▶ [Exercise objective]
Begin at the top of the listing below. Write each line out exactly, ending with the line that holds "z \<Longrightarrow> z \<le> 2 * z0 \<Longrightarrow>".

▶ [The input]
[Start of section]
lemma L_eventually_nonzero: "eventually (\<lambda>z. L z \<noteq> 0) at_top"
proof -
  have "eventually (\<lambda>x. dist (L (1 * x) / L x) 1 < 1/2) at_top"
    using L_ratio_tendsto[of 1] by (rule tendstoD) simp_all
  then show ?thesis by (rule eventually_mono) (auto simp: dist_real_def)
qed

lemma L_eq_power_tail: "0 < z \<Longrightarrow> L z = power_tail z * z powr \<alpha>"
  by (simp add: power_tail_def mult.assoc powr_add[symmetric])

lemma L_bounds_from_tail_comparison:
  assumes z0: "0 < z0"
    and cmp: "\<And>z. z0 \<le> z \<Longrightarrow> z \<le> 2 * z0 \<Longrightarrow>
                0 \<le> power_tail z \<and> power_tail z \<le> 2 * tail n z \<and> tail n z \<le> 2 * power_tail z"
    and z: "z0 \<le> z" "z \<le> 2 * z0"
  shows "power_tail (2 * z0) / 4 * z0 powr \<alpha> \<le> L z \<and> L z \<le> 2 * (2 * z0) powr \<alpha>"
proof
  have zpos: "0 < z" using z z0 by simp
  have f: "0 \<le> power_tail z" "power_tail z \<le> 2 * tail n z" "tail n z \<le> 2 * power_tail z"
    using cmp z by auto
  have "power_tail (2 * z0) / 4 \<le> power_tail z"
    using cmp[of "2 * z0"] f tail_antimono[of z "2 * z0" n] z z0 by auto
  moreover have "z0 powr \<alpha> \<le> z powr \<alpha>" using z z0 alpha by (intro powr_mono2) auto
  moreover have "0 \<le> power_tail (2 * z0)" using cmp[of "2 * z0"] z0 by auto
  ultimately show "power_tail (2 * z0) / 4 * z0 powr \<alpha> \<le> L z"
    unfolding L_eq_power_tail[OF zpos] using z0 by (intro mult_mono) auto
  have "power_tail z \<le> 2" using f tail_le_one[of n z] by linarith
  moreover have "z powr \<alpha> \<le> (2 * z0) powr \<alpha>" using z zpos alpha by (intro powr_mono2) auto
  ultimately show "L z \<le> 2 * (2 * z0) powr \<alpha>"
    unfolding L_eq_power_tail[OF zpos] by (intro mult_mono) auto
qed

text \<open>As \<open>L z = power_tail z * z powr \<alpha>\<close> and \<open>power_tail\<close> is within a factor 2 of the
  probability \<open>tail n z \<in> [0, 1]\<close> on the window, (PL) bounds \<open>L\<close> above and below on whole doubling
  intervals: the local boundedness the Potter bounds need.\<close>

lemma L_bounded_on_doubling_interval:
  "\<exists>z0\<ge>Z. \<exists>b B. 0 < b \<and> (\<forall>z. z0 \<le> z \<and> z \<le> 2 * z0 \<longrightarrow> b \<le> L z \<and> L z \<le> B)"
proof -
  obtain ZL where ZL: "\<And>z. z \<ge> ZL \<Longrightarrow> L z \<noteq> 0"
    using L_eventually_nonzero by (auto simp: eventually_at_top_linorder)
  have "eventually (\<lambda>n. 2 \<le> real n powr \<epsilon>0) sequentially" using eps0 by real_asymp
  moreover have "eventually (\<lambda>n::nat. max Z ZL \<le> sqrt (real n)) sequentially" by real_asymp
  moreover note tail_within_factor_two eventually_ge_at_top[of 1]
  ultimately have "eventually (\<lambda>n. 2 \<le> real n powr \<epsilon>0 \<and> max Z ZL \<le> sqrt (real n) \<and>
      (\<forall>z\<in>window n. 0 \<le> power_tail z \<and> power_tail z \<le> 2 * tail n z \<and> tail n z \<le> 2 * power_tail z)
      \<and> 1 \<le> n) sequentially"
    by eventually_elim blast
  then obtain n where n: "2 \<le> real n powr \<epsilon>0" "max Z ZL \<le> sqrt (real n)" "1 \<le> n"
    and cmp: "\<forall>z\<in>window n. 0 \<le> power_tail z \<and> power_tail z \<le> 2 * tail n z \<and> tail n z \<le> 2 * power_tail z"
    by (auto simp: eventually_sequentially)
  define z0 where "z0 = sqrt (real n)"
  have z0: "0 < z0" using n(3) by (simp add: z0_def)
  have cmp': "0 \<le> power_tail z \<and> power_tail z \<le> 2 * tail n z \<and> tail n z \<le> 2 * power_tail z"
    if "z0 \<le> z" "z \<le> 2 * z0" for z
    using cmp doubling_interval_in_window[OF eps0(1) n(3,1)] that by (simp add: z0_def)
  have "ZL \<le> 2 * z0" using n(2) z0 unfolding z0_def by linarith
  then have "L (2 * z0) \<noteq> 0" using ZL by blast
  moreover have "0 \<le> power_tail (2 * z0)" using cmp'[of "2 * z0"] z0 by auto
  ultimately have "0 < power_tail (2 * z0)"
    using z0 by (auto simp: power_tail_def order_le_less)
  then have "0 < power_tail (2 * z0) / 4 * z0 powr \<alpha>" using z0 by simp
  moreover have "Z \<le> z0" using n(2) by (simp add: z0_def)
  ultimately show ?thesis
    using L_bounds_from_tail_comparison[OF z0 cmp'] by blast
qed

lemma L_powr_bounds: "0 < \<delta> \<Longrightarrow> eventually (\<lambda>z. z powr (- \<delta>) \<le> L z \<and> L z \<le> z powr \<delta>) at_top"
  by (rule slowly_varying_powr_bounds[OF L_ratio_tendsto L_bounded_on_doubling_interval]) simp_all

lemma L_eventually_pos: "eventually (\<lambda>z. 0 < L z) at_top"
  using L_powr_bounds[OF zero_less_one] eventually_gt_at_top[of 0]
  by eventually_elim (smt (verit) powr_gt_zero)

definition sqrt_nlogn :: "nat \<Rightarrow> real" where
  "sqrt_nlogn n = sqrt (real n * ln (real n))"

lemma sqrt_nlogn_tendsto: "filterlim sqrt_nlogn at_top sequentially"
  unfolding sqrt_nlogn_def by real_asymp

lemma eventually_at_sqrt_nlogn: "eventually Q at_top \<Longrightarrow> eventually (\<lambda>n. Q (sqrt_nlogn n)) sequentially"
  using sqrt_nlogn_tendsto by (simp add: filterlim_iff)

lemma L_sqrt_nlogn_pos: "eventually (\<lambda>n. 0 < L (sqrt_nlogn n)) sequentially"
  by (rule eventually_at_sqrt_nlogn[OF L_eventually_pos])

lemma K_pos: "eventually (\<lambda>n. 0 < K \<alpha> L n) sequentially"
  using L_sqrt_nlogn_pos eventually_ge_at_top[of 2]
  by eventually_elim (simp add: K_def sqrt_nlogn_def)

lemma n_power_tail_scaled:
  assumes "0 < s" "2 \<le> n" "L (sqrt_nlogn n) \<noteq> 0"
  shows "real n * power_tail (s * sqrt_nlogn n)
       = s powr (- \<alpha>) * K \<alpha> L n * (L (s * sqrt_nlogn n) / L (sqrt_nlogn n))"
proof -
  have n: "2 \<le> real n" "0 < ln (real n)" using assms(2) by auto
  have "(s * sqrt_nlogn n) powr (- \<alpha>) = s powr (- \<alpha>) * (real n powr (- \<alpha> / 2) * ln (real n) powr (- \<alpha> / 2))"
    using assms(1) n by (simp add: sqrt_nlogn_def powr_mult powr_half_sqrt[symmetric] powr_powr)
  moreover have "real n * real n powr (- \<alpha> / 2) = real n powr (1 - \<alpha> / 2)"
    using n powr_add[of "real n" 1 "- \<alpha> / 2"] by simp
  ultimately show ?thesis
    using assms(3) by (simp add: power_tail_def K_def sqrt_nlogn_def[symmetric] field_simps)
qed

lemma scaled_tail_ratio_tendsto:
  assumes s: "0 < s"
  shows "(\<lambda>n. real n * tail n (s * sqrt_nlogn n) / K \<alpha> L n) \<longlonglongrightarrow> s powr (- \<alpha>)"
proof -
  define x where "x n = max (real n powr (1/2 - \<epsilon>0)) (min (real n powr (1/2 + \<epsilon>0)) (s * sqrt_nlogn n))" for n
  have "eventually (\<lambda>n::nat. s * sqrt (real n * ln (real n)) \<le> real n powr (1/2 + \<epsilon>0)) sequentially"
    using s eps0 by real_asymp
  moreover have "eventually (\<lambda>n::nat. real n powr (1/2 - \<epsilon>0) \<le> s * sqrt (real n * ln (real n))) sequentially"
    using s eps0 by real_asymp
  ultimately have x_eq: "eventually (\<lambda>n. x n = s * sqrt_nlogn n) sequentially"
    by eventually_elim (auto simp: x_def sqrt_nlogn_def)
  have "(\<lambda>n. tail n (x n)) \<sim>[sequentially] (\<lambda>n. power_tail (x n))"
    using condPL[of x] window_bounds_le by (simp add: x_def tail_def power_tail_def)
  then have "(\<lambda>n. tail n (s * sqrt_nlogn n)) \<sim>[sequentially] (\<lambda>n. power_tail (s * sqrt_nlogn n))"
    by (rule asymp_equiv_cong[THEN iffD1, rotated 2]) (use x_eq in \<open>auto elim: eventually_mono\<close>)
  then have "(\<lambda>n. real n * tail n (s * sqrt_nlogn n)) \<sim>[sequentially]
      (\<lambda>n. real n * power_tail (s * sqrt_nlogn n))"
    by (intro asymp_equiv_mult asymp_equiv_refl)
  also have "(\<lambda>n. real n * power_tail (s * sqrt_nlogn n)) \<sim>[sequentially] (\<lambda>n. s powr (- \<alpha>) * K \<alpha> L n)"
  proof (rule asymp_equivI')
    have "(\<lambda>n. L (s * sqrt_nlogn n) / L (sqrt_nlogn n)) \<longlonglongrightarrow> 1"
      using filterlim_compose[OF L_ratio_tendsto[OF s] sqrt_nlogn_tendsto] by simp
    moreover have "eventually (\<lambda>n. L (s * sqrt_nlogn n) / L (sqrt_nlogn n)
        = real n * power_tail (s * sqrt_nlogn n) / (s powr (- \<alpha>) * K \<alpha> L n)) sequentially"
      using L_sqrt_nlogn_pos K_pos eventually_ge_at_top[of 2]
      by eventually_elim (use s in \<open>simp add: n_power_tail_scaled\<close>)
    ultimately show "(\<lambda>n. real n * power_tail (s * sqrt_nlogn n) / (s powr (- \<alpha>) * K \<alpha> L n)) \<longlonglongrightarrow> 1"
      by (rule Lim_transform_eventually)
  qed
  finally have "(\<lambda>n. real n * tail n (s * sqrt_nlogn n) / (s powr (- \<alpha>) * K \<alpha> L n)) \<longlonglongrightarrow> 1"
    by (rule asymp_equivD_strong) (use K_pos s in \<open>auto elim: eventually_mono\<close>)
  then have "(\<lambda>n. s powr (- \<alpha>) * (real n * tail n (s * sqrt_nlogn n) / (s powr (- \<alpha>) * K \<alpha> L n)))
      \<longlonglongrightarrow> s powr (- \<alpha>) * 1"
    by (intro tendsto_mult tendsto_const)
  then show ?thesis using s by simp
qed

lemma K_tendsto: "filterlim (K \<alpha> L) at_top sequentially"
proof -
  define d where "d = 1 - \<alpha> / 2"
  have d: "0 < d" using alpha by (simp add: d_def)
  define lower where "lower n = sqrt (real n * ln (real n)) powr (- d) * real n powr (1 - \<alpha> / 2)
      * ln (real n) powr (- \<alpha> / 2)" for n :: nat
  have "filterlim (\<lambda>n::nat. real n powr (d / 2) * ln (real n) powr (- (d / 2 + \<alpha> / 2))) at_top sequentially"
    using d alpha by real_asymp
  moreover have "eventually (\<lambda>n. real n powr (d / 2) * ln (real n) powr (- (d / 2 + \<alpha> / 2)) = lower n) sequentially"
    using eventually_ge_at_top[of 2]
  proof eventually_elim
    case (elim n)
    then have pos: "0 < real n" "0 < ln (real n)" by auto
    have "sqrt (real n * ln (real n)) powr (- d) = real n powr (- (d / 2)) * ln (real n) powr (- (d / 2))"
      using pos by (simp add: powr_half_sqrt[symmetric] powr_powr powr_mult)
    moreover have "real n powr (d / 2) = real n powr (- (d / 2)) * real n powr (1 - \<alpha> / 2)"
    proof -
      have "d / 2 = - (d / 2) + (1 - \<alpha> / 2)" by (simp add: d_def field_simps)
      then show ?thesis by (metis powr_add)
    qed
    moreover have "ln (real n) powr (- (d / 2 + \<alpha> / 2)) = ln (real n) powr (- (d / 2)) * ln (real n) powr (- \<alpha> / 2)"
      using powr_add[of "ln (real n)" "- (d / 2)" "- \<alpha> / 2"] by simp
    ultimately show ?case by (simp add: lower_def mult_ac)
  qed
  ultimately have "filterlim lower at_top sequentially"
    by (rule filterlim_at_top_mono[OF _ eventually_mono]) simp
  moreover have "eventually (\<lambda>n. sqrt_nlogn n powr (- d) \<le> L (sqrt_nlogn n)) sequentially"
    using eventually_at_sqrt_nlogn[OF L_powr_bounds[OF d]] by (auto elim: eventually_mono)
  then have "eventually (\<lambda>n. lower n \<le> K \<alpha> L n) sequentially"
  proof eventually_elim
    case (elim n)
    then show ?case
      unfolding lower_def K_def sqrt_nlogn_def[symmetric] by (intro mult_right_mono) auto
  qed
  ultimately show ?thesis by (rule filterlim_at_top_mono)
qed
[End of section]
▶ [Completed exercise]
lemma L_eventually_nonzero: "eventually (\<lambda>z. L z \<noteq> 0) at_top"
proof -
  have "eventually (\<lambda>x. dist (L (1 * x) / L x) 1 < 1/2) at_top"
    using L_ratio_tendsto[of 1] by (rule tendstoD) simp_all
  then show ?thesis by (rule eventually_mono) (auto simp: dist_real_def)
qed

lemma L_eq_power_tail: "0 < z \<Longrightarrow> L z = power_tail z * z powr \<alpha>"
  by (simp add: power_tail_def mult.assoc powr_add[symmetric])

lemma L_bounds_from_tail_comparison:
  assumes z0: "0 < z0"
    and cmp: "\<And>z. z0 \<le> z \<Longrightarrow> z \<le> 2 * z0 \<Longrightarrow>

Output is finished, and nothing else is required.